• Festivals

Cannes 2023 – A Good Mix

Cannes is – maybe more than any other festival – where art and commerce meet. Nothing proves this more than this year’s lineup of in and out of competition films, unveiled this morning by the festival’s director Thierry Fremaux and incoming president Iris Knobloch.

No doubt it will be a strong festival with more film heavyweights than in recent history with Scorsese, Koreeda, Haynes, Glazer, Loach, Anderson (Wes, that is), Kaurismäki, Moretti and Wenders among the directors premiering their newest works. Add six first-time filmmakers AND six female directors, a strong global contingent from Africa and Asia as well as Iran, Mongolia and Senegal, and you get the perfect mix.
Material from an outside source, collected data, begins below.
(* Let $D$ be an integral domain with quotient field $K$ and $\mathcal S$ a multiplicative subset of $D[X]$ ($0\notin\mathcal S$), and let $\circlearrowleft_{\mathcal S}$ be the semistar operation $E\mapsto ED[X]_{\mathcal S}\cap K$ on $D$. Then: (f) $\circlearrowleft_{\mathcal S}$ is a (semi)star operation on $D$ (i.e. $D^{\circlearrowleft_{\mathcal S}}=D$) if and only if $\mathcal S\subseteq\mathcal N^{v_D}$, if and only if $D=\bigcap\{D_P\mid P\in\boldsymbol\nabla(\mathcal S)\}$; (g) the map $\mathcal S\mapsto\circlearrowleft_{\mathcal S}$ is a bijection between the set of extended saturated multiplicative subsets of $D[X]$ and the set of stable semistar operations of finite type on $D$; it restricts to a bijection between the extended saturated multiplicative subsets of $D[X]$ contained in $\mathcal N^{v_D}$ and the stable (semi)star operations of finite type on $D$; (h) if $\mathcal S$ is extended saturated, then $\mathrm{Na}(D,v_D)=D[X]_{\mathcal S}$ if and only if $\mathcal S=\mathcal N^{v_D}$.
   Context: $\overline{\boldsymbol F}(D)$ is the set of nonzero $D$-submodules of $K$. A semistar operation on $D$ is a map $\star:\overline{\boldsymbol F}(D)\to\overline{\boldsymbol F}(D)$ with $(xE)^\star=xE^\star$ for $0\ne x\in K$, $E\subseteq F\Rightarrow E^\star\subseteq F^\star$, $E\subseteq E^\star$ and $(E^\star)^\star=E^\star$; it is a (semi)star operation if $D^\star=D$. $\star$ is of finite type if $E^\star=\bigcup\{F^\star\mid F\subseteq E,\ F$ a nonzero finitely generated fractional ideal$\}$ for all $E$, and stable if $(E\cap F)^\star=E^\star\cap F^\star$. $v_D$ is the operation $E^{v}=(D:(D:E))$. For $f\in K[X]$, $\mathrm{c}_D(f)$ is the fractional ideal generated by its coefficients; $\mathcal N^\star=\{g\in D[X]\mid g\ne0,\ \mathrm{c}_D(g)^\star=D^\star\}$ and $\mathrm{Na}(D,\star)=D[X]_{\mathcal N^\star}$. For a multiplicative set $\mathcal S\subseteq D[X]$: its extended saturation is $\mathcal S^\sharp=D[X]\setminus\bigcup\{P[X]\mid P\in\mathrm{Spec}(D),\ P[X]\cap\mathcal S=\emptyset\}$; $\mathcal S$ is extended saturated if $\mathcal S=\mathcal S^\sharp$; $\boldsymbol\Delta(\mathcal S)=\{P\in\mathrm{Spec}(D)\mid P[X]\cap\mathcal S=\emptyset\}$ and $\boldsymbol\nabla(\mathcal S)$ is the set of maximal elements of $\boldsymbol\Delta(\mathcal S)$. *)

theory Defs
  imports "HOL-Computational_Algebra.Polynomial" "HOL-Computational_Algebra.Fraction_Field"
          "HOL-Library.FuncSet"
begin

(* Conventions: K is the ambient field (a type of class field); D :: 'a set is a subring of K
   whose quotient field is K.  K(X) is modelled as 'a poly fract. *)

definition is_domain_with_qf :: "'a::field set \<Rightarrow> bool" where
  "is_domain_with_qf D \<longleftrightarrow> 0 \<in> D \<and> 1 \<in> D \<and>
     (\<forall>a\<in>D. \<forall>b\<in>D. a + b \<in> D \<and> a - b \<in> D \<and> a * b \<in> D) \<and>
     (\<forall>x. \<exists>a\<in>D. \<exists>b\<in>D. b \<noteq> 0 \<and> x = a / b)"

definition is_submodule :: "'a::field set \<Rightarrow> 'a set \<Rightarrow> bool" where
  "is_submodule D E \<longleftrightarrow> 0 \<in> E \<and> (\<forall>x\<in>E. \<forall>y\<in>E. x + y \<in> E) \<and> (\<forall>d\<in>D. \<forall>x\<in>E. d * x \<in> E)"

definition Fbar :: "'a::field set \<Rightarrow> 'a set set" where
  "Fbar D = {E. is_submodule D E \<and> E \<noteq> {0}}"

definition gen_mod :: "'a::field set \<Rightarrow> 'a set \<Rightarrow> 'a set" where
  "gen_mod D A = {\<Sum>x\<in>B. c x * x | B c. finite B \<and> B \<subseteq> A \<and> (\<forall>x\<in>B. c x \<in> D)}"

definition fg_frac_ideals :: "'a::field set \<Rightarrow> 'a set set" where
  "fg_frac_ideals D = {gen_mod D A | A. finite A \<and> gen_mod D A \<noteq> {0}}"

definition semistar :: "'a::field set \<Rightarrow> ('a set \<Rightarrow> 'a set) \<Rightarrow> bool" where
  "semistar D st \<longleftrightarrow>
     (\<forall>E\<in>Fbar D. st E \<in> Fbar D) \<and>
     (\<forall>x. \<forall>E\<in>Fbar D. x \<noteq> 0 \<longrightarrow> st ((\<lambda>e. x * e) ` E) = (\<lambda>e. x * e) ` st E) \<and>
     (\<forall>E\<in>Fbar D. \<forall>F\<in>Fbar D. E \<subseteq> F \<longrightarrow> st E \<subseteq> st F) \<and>
     (\<forall>E\<in>Fbar D. E \<subseteq> st E) \<and>
     (\<forall>E\<in>Fbar D. st (st E) = st E)"

definition semistar_finite_type :: "'a::field set \<Rightarrow> ('a set \<Rightarrow> 'a set) \<Rightarrow> bool" where
  "semistar_finite_type D st \<longleftrightarrow>
     (\<forall>E\<in>Fbar D. st E = \<Union>{st F | F. F \<in> fg_frac_ideals D \<and> F \<subseteq> E})"

definition semistar_stable :: "'a::field set \<Rightarrow> ('a set \<Rightarrow> 'a set) \<Rightarrow> bool" where
  "semistar_stable D st \<longleftrightarrow> (\<forall>E\<in>Fbar D. \<forall>F\<in>Fbar D. st (E \<inter> F) = st E \<inter> st F)"

definition colon :: "'a::field set \<Rightarrow> 'a set \<Rightarrow> 'a set" where
  "colon D E = {x. \<forall>e\<in>E. x * e \<in> D}"

definition v_op :: "'a::field set \<Rightarrow> 'a set \<Rightarrow> 'a set" where
  "v_op D E = colon D (colon D E)"

definition DX :: "'a::field set \<Rightarrow> 'a poly set" where
  "DX D = {f. \<forall>i. coeff f i \<in> D}"

definition content_D :: "'a::field set \<Rightarrow> 'a poly \<Rightarrow> 'a set" where
  "content_D D f = gen_mod D (range (coeff f))"

definition Nstar :: "'a::field set \<Rightarrow> ('a set \<Rightarrow> 'a set) \<Rightarrow> 'a poly set" where
  "Nstar D st = {g \<in> DX D. g \<noteq> 0 \<and> st (content_D D g) = st D}"

definition mult_subset :: "'a::field set \<Rightarrow> 'a poly set \<Rightarrow> bool" where
  "mult_subset D S \<longleftrightarrow> S \<subseteq> DX D \<and> 1 \<in> S \<and> 0 \<notin> S \<and> (\<forall>f\<in>S. \<forall>g\<in>S. f * g \<in> S)"

definition locX :: "'a::field set \<Rightarrow> 'a poly set \<Rightarrow> 'a poly fract set" where
  "locX D S = {Fract f g | f g. f \<in> DX D \<and> g \<in> S}"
Ken Loach will show The Old Oak, about the tensions between locals and Syrian refugees in a small mining village in the North-East of England. Jonathan Glazer, the British director in competition who made a name for himself with Sexy Beast but has not made a film after 2013’s Under the Skin, has tackled an adaptation of Martin Amis’s The Zone of Interest, about a Nazi officer who falls in love with the wife of the commander of the Auschwitz concentration camp. The film features an international cast with Germany’s Sandra Hüller playing the wife.

 

Todd Haynes re-teamed with his favorite leading lady Julianne Moore in his May December. Moore plays a woman married to a much younger man and the couple is being interviewed by an actress (Natalie Portman) about their relationship.
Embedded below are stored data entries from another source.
section \<open>Orthonormal eigenbases and the spectral theorem\<close>

definition orthonormal_basis :: "(real^'n) set \<Rightarrow> bool" where
  "orthonormal_basis B \<longleftrightarrow>
     finite B \<and> span B = UNIV \<and> pairwise orthogonal B \<and> (\<forall>b\<in>B. norm b = 1)"

definition orthonormal_eigenbasis :: "(real^'n) set \<Rightarrow> real^'n^'n \<Rightarrow> (real^'n \<Rightarrow> real) \<Rightarrow> bool" where
  "orthonormal_eigenbasis B A \<mu> \<longleftrightarrow> orthonormal_basis B \<and> (\<forall>b\<in>B. A *v b = \<mu> b *\<^sub>R b)"

lemma orthonormal_basis_expansion:
  "orthonormal_basis B \<Longrightarrow> (\<Sum>b\<in>B. (x \<bullet> b) *\<^sub>R b) = x"
  unfolding orthonormal_basis_def by (intro orthonormal_basis_expand) auto

lemma orthonormal_basis_inner:
  assumes "orthonormal_basis B" "b \<in> B" "c \<in> B"
  shows "b \<bullet> c = (if b = c then 1 else 0)"
  using assms unfolding orthonormal_basis_def pairwise_def orthogonal_def
  by (auto simp: dot_square_norm)

lemma orthonormal_basis_matrix_eqI:
  assumes "orthonormal_basis B" "\<And>b. b \<in> B \<Longrightarrow> A *v b = C *v b"
  shows "A = C"
proof -
  have "span B = UNIV" using assms(1) by (simp add: orthonormal_basis_def)
  thus ?thesis unfolding matrix_eq
    using linear_eq_on[OF matrix_vector_mul_linear matrix_vector_mul_linear _ assms(2)] by blast
qed

lemma orthonormal_basis_trace:
  assumes "orthonormal_basis B"
  shows "trace A = (\<Sum>b\<in>B. b \<bullet> (A *v b))"
proof -
  have "trace A = (\<Sum>i\<in>UNIV. axis i 1 \<bullet> (A *v axis i 1))"
    by (simp add: trace_def inner_axis_matrix_axis)
  also have "\<dots> = (\<Sum>i\<in>UNIV. \<Sum>b\<in>B. b $ i * (A *v b) $ i)"
  proof (rule sum.cong[OF refl])
    fix i
    have "A *v axis i 1 = A *v (\<Sum>b\<in>B. b $ i *\<^sub>R b)"
      using orthonormal_basis_expansion[OF assms, of "axis i 1"] by (simp add: inner_axis')
    hence "A *v axis i 1 = (\<Sum>b\<in>B. b $ i *\<^sub>R (A *v b))"
      by (simp add: linear_sum[OF matrix_vector_mul_linear] matrix_vector_mult_scaleR)
    thus "axis i 1 \<bullet> (A *v axis i 1) = (\<Sum>b\<in>B. b $ i * (A *v b) $ i)"
      by (simp add: inner_sum_right inner_axis')
  qed
  also have "\<dots> = (\<Sum>b\<in>B. b \<bullet> (A *v b))"
    by (subst sum.swap) (simp add: inner_vec_def)
  finally show ?thesis .
qed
In Asteroid City, Wes Anderson adds Margot Robbie and Scarlett Johansson to his usual cast of characters in this sci-fi story playing out at a junior cadet convention in 1950s’ America. Tom Hanks, Tilda Swinton, Jason Schwartzman, Bryan Cranston, Edward Norton, Jeffrey Wright, Adrien Brody, Liev Schreiber, Steve Carell, Matt Dillon, Willem Dafoe, Jeff Goldblum and Hong Chau add star power to the ensemble cast.

 

Also vying for the coveted Palme d’Or are Hirokazu Kore-eda (Monster), Nuri Bilge Ceylan (About Dry Grasses), Aki Kaurismäki (Fallen Leaves), Nanni Moretti (Il Sol dell’Avvenire), Tran Anh Hung (La Passion De Dodin Bouffant), Marco Bellocchio (Rapito), Karim Ainouz (Firebrand), Wim Wenders (Perfect Days) and Wang Bing (Jeunesse).

Some might say, it is high time, but programmers have finally broken their record by choosing six (out of 19) competition films from female directors, including France’s Catherine Breillat (L’Eté Dernier) and Justine Triet (Anatomie d’Une Chute), Italy’s Alice Rohrwacher (La Chimera), Austria’s Jessica Hausner (Club Zero), Tunisia’s Kaouther Ben Hania (Four Daughters) and Senegal’s Ramata-Toulaye Sy (Banel et Adama).
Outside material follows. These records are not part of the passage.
lemma alternating_binomial_pochhammer_term:
  assumes "d \<le> m" "m \<le> N"
  shows "(-1) ^ m * real (N choose m) * pochhammer (real N + 1) m / fact (m - d)
    = fact d * real (N choose d) * (real ((N - d) choose (m - d)) * ((- (real N + 1)) gchoose m))"
proof -
  have choose: "real (N choose d) * real ((N - d) choose (m - d)) = real (N choose m) * real (m choose d)"
    using choose_mult[OF assms] by (simp flip: of_nat_mult)
  have gchoose: "(- (real N + 1)) gchoose m = (-1) ^ m * pochhammer (real N + 1) m / fact m"
    by (simp add: gbinomial_pochhammer add.commute)
  have "fact d * (real (N choose d) * real ((N - d) choose (m - d))) * ((- (real N + 1)) gchoose m)
      = (-1) ^ m * real (N choose m) * pochhammer (real N + 1) m / fact (m - d)"
    unfolding choose gchoose binomial_fact[OF assms(1)] by (simp add: field_simps)
  then show ?thesis
    by (simp add: mult_ac)
qed

lemma alternating_binomial_pochhammer_sum:
  "(\<Sum>m=d..N. (-1) ^ m * real (N choose m) * pochhammer (real N + 1) m / fact (m - d))
    = (-1) ^ N * real (N choose d) * pochhammer (real N + 1) d"
proof (cases "d \<le> N")
  case True
  have "(\<Sum>m=d..N. (-1) ^ m * real (N choose m) * pochhammer (real N + 1) m / fact (m - d))
      = fact d * real (N choose d) * (\<Sum>m=d..N. real ((N - d) choose (m - d)) * ((- (real N + 1)) gchoose m))"
    unfolding sum_distrib_left by (rule sum.cong) (simp_all add: alternating_binomial_pochhammer_term)
  also have "(\<Sum>m=d..N. real ((N - d) choose (m - d)) * ((- (real N + 1)) gchoose m))
      = (\<Sum>t\<le>N - d. real ((N - d) choose t) * ((- (real N + 1)) gchoose (d + t)))"
    by (rule sum.reindex_bij_witness[where i = "\<lambda>t. d + t" and j = "\<lambda>m. m - d"]) (use True in auto)
  also have "\<dots> = (- (real d + 1)) gchoose N"
  proof -
    have "real (N - d) + - (real N + 1) = - (real d + 1)"
      using True by (simp add: of_nat_diff)
    then show ?thesis
      using gbinomial_Vandermonde_tail[OF True, of "- (real N + 1)"] by simp
  qed
  also have "\<dots> = (-1) ^ N * real ((N + d) choose N)"
    unfolding gbinomial_minus[of "real d + 1"] by (simp add: binomial_gbinomial add_ac)
  also have "fact d * real (N choose d) * ((-1) ^ N * real ((N + d) choose N))
      = (-1) ^ N * real (N choose d) * (fact d * real ((N + d) choose N))"
    by (simp add: mult_ac)
  also have "fact d * real ((N + d) choose N) = pochhammer (real N + 1) d"
    by (simp add: binomial_fact fact_add_eq_fact_mult_pochhammer)
  finally show ?thesis .
qed simp

lemma inner_coef_of_nat:
  "inner_coef (real n) m = (-1) ^ m * real ((n + 2) choose m) * pochhammer (real (n + 2) + 1) m"
  by (simp add: inner_coef_def binomial_gbinomial add_ac)

lemma inner_coef_of_nat_eq_0: "n + 2 < m \<Longrightarrow> inner_coef (real n) m = 0"
  by (simp add: inner_coef_of_nat)

lemma inner_coef_of_nat_shifted_sum:
  "(\<Sum>m=d..n + 2. inner_coef (real n) m / fact (m - d)) = (-1) ^ (n + d) * inner_coef (real n) d"
proof -
  have sign: "(-1::real) ^ (n + 2) = (-1) ^ (n + d) * (-1) ^ d"
    by (simp add: power_add flip: power_mult_distrib)
  show ?thesis
    unfolding inner_coef_of_nat alternating_binomial_pochhammer_sum sign by (simp only: mult_ac)
qed

lemma inner_sum_of_nat:
  assumes "j \<ge> 1"
  shows "inner_sum (real n) j = (\<Sum>m\<le>n + 2. inner_coef (real n) m / fact (m + j))"
  unfolding inner_sum_def by (rule suminf_finite) (auto simp: inner_coef_of_nat_eq_0)

lemma gbinomial_of_nat_add_1: "(real n + 1) gchoose p = real ((n + 1) choose p)"
  using binomial_gbinomial[of "n + 1" p, where 'a = real] by (simp add: add.commute)

text \<open>For \<open>\<alpha> = n\<close> the factor \<open>1 / \<Gamma>(-\<alpha> - 1)\<close> of the closed form vanishes.\<close>
lemma inner_sum_of_nat_eq_0:
  assumes "1 \<le> g" "g \<le> n + 2"
  shows "inner_sum (real n) g = 0"
proof -
  obtain k where g: "g = Suc k"
    using assms(1) by (cases g) auto
  have "- real n - 1 = - real (n + 1)"
    by simp
  then have "rGamma (- real n - 1) = 0"
    by (simp only: rGamma_nonpos_Int[OF minus_of_nat_in_nonpos_Ints])
  then have "row_coef (real n) g = 0"
    unfolding g by (simp add: row_coef_closed_form)
  moreover have "(n + 1) choose k > 0"
    using assms g by simp
  ultimately show ?thesis
    by (simp add: row_coef_def g gbinomial_of_nat_add_1)
qed

lemma binomial_times_div_fact:
  "real (q choose k) * (a / fact q) = (if k \<le> q then a / fact (q - k) / fact k else 0)"
  by (simp add: binomial_fact binomial_eq_0 field_simps)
And then there are the out-of-competition films that will take the coveted blockbuster spot; following in the footsteps of last year’s Top Gun: Maverick, Indiana Jones and the Dial of Destiny, number five in the franchise for Harrison Ford with Phoebe Waller-Bridge and Mads Mikkelsen co-starring, will have its world premiere on the Croisette. Equally anticipated is Martin Scorsese’s Killers of the Flower Moon, a crime drama about the Oklahoma murders in the Osage Nation that happened in the 1920s. Expect all the stars from Leonardo DiCaprio to Robert De Niro, Lily Gladstone, Brendan Fraser and John Lithgow to pose on the red carpet, along with the cast of Pedro Almodóvar’s second English language film Strange Way of Life, a western about a reunion between two hit men, played by Ethan Hawke and Pedro Pascal.

Are there glaring omissions? Yes. Expectations ran high that Roman Polanski’s and Woody Allen’s newest works would be included, but the controversies around them might have led to their dismissal. The festival also decided against choosing any Russian films.

The opening night film is one with a decidedly French subject: Jeanne du Barry, directed by and starring Maïwenn in the title role opposite Johnny Depp as Louis XV. Last year’s Palme d’Or winner Ruben Östlund (for Triangle of Sadness) will head the jury. The 76th edition runs May 16-27.